Thats why in High quality / Music mode, Bluetooth generally has a bad latency. You can notice the latency when watching a movie: people will move their lips before you jear the sound, if you dont correct this by inserting a negative audio delay in your player.

When using duplex communication, most OEMs will think about voice calls, where a low latency is cruical (especially when connected to a phone): imagine both wearing BT headphones, it would mean the other "waiting" for 2-3 seconds before replying to you, it would be unnerving.

So, duplex codecs will focus on the frequencies of the human voice and loose details on all other frequencies. That's why Music sounds terrible in that mode.

Moreover:

Synchronous Connection Oriented (SCO) and its enhanced version Enhanced Synchronous Connection Oriented (eSCO) are the modes used for Bluetooth voice transmission. The mode allows you to transmit sound and voice strictly in order, with a symmetrical speed of sending and receiving, without waiting for confirmation of transmission and re-sending packets. This reduces the overall delay in the transmission of audio over the radio channel, but imposes serious restrictions on the amount of data transmitted per unit of time and adversely affects the quality of the audio.

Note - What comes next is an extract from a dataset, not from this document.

(* Let $f\in L_{2\pi}$ be complex valued with Fourier coefficients $\hat f(k)=\frac1{2\pi}\int_{-\pi}^{\pi}f(x)e^{-ikx}dx$, and let $\{\psi_n\}_{n\ge1}$ be a decreasing sequence of positive numbers tending to zero with $\psi_n=O(\psi_{2n})$. Suppose $\{\hat f(n)\}_{n\ge0}\in NBVS$ and $\{\hat f(-n)\}_{n\ge0}\in NBVS$, and let $S_n(f,x)=\sum_{k=-n}^n\hat f(k)e^{ikx}$. Then $$\|f-S_n(f)\|_L=O(\psi_n)\quad(n\to\infty)$$ if and only if both $E_n(f)_L=O(\psi_n)$ as $n\to\infty$ and $\hat f(n)\log|n|=O(\psi_{|n|})$ as $|n|\to\infty$.
   Context: For $\theta_0\in[0,\pi/2)$ let $M(\theta_0)=\{z\in\mathbb C: |\arg z|\le\theta_0\}$ (with $0\in M(\theta_0)$). Write $\Delta c_n=c_n-c_{n+1}$. A complex sequence $\mathbf C=\{c_n\}$ belongs to $NBVS$ if there is $\theta_0\in[0,\pi/2)$ with $c_n\in M(\theta_0)$ for all $n\ge1$ and a constant $K(\mathbf C)>0$ such that $\sum_{n=m}^{2m}|\Delta c_n|\le K(\mathbf C)\big(|c_m|+|c_{2m}|\big)$ for all $m\ge1$. $L_{2\pi}$ is the space of complex valued $2\pi$-periodic integrable functions with norm $\|g\|_L=\int_{-\pi}^{\pi}|g(x)|dx$, and $E_n(f)_L=\inf_{a_k\in\mathbb C}\|f-\sum_{k=-n}^na_ke^{ikx}\|_L$. *)

theory Defs
  imports "HOL-Analysis.Analysis" "HOL-Library.Landau_Symbols"
begin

See this in-depht article for more information.

For your issue with OBS, after starting the program, what you can try is go to Control Panel -> Hardware and Sound -> Audio Devices and in the Recording tab, deactivate manually the microphone. It will probably depend on the driver of your headphones if this will work.

But for any professional working on streaming, video or audio I hoghly recommend wired headphones which have next to no latency and superior sound quality.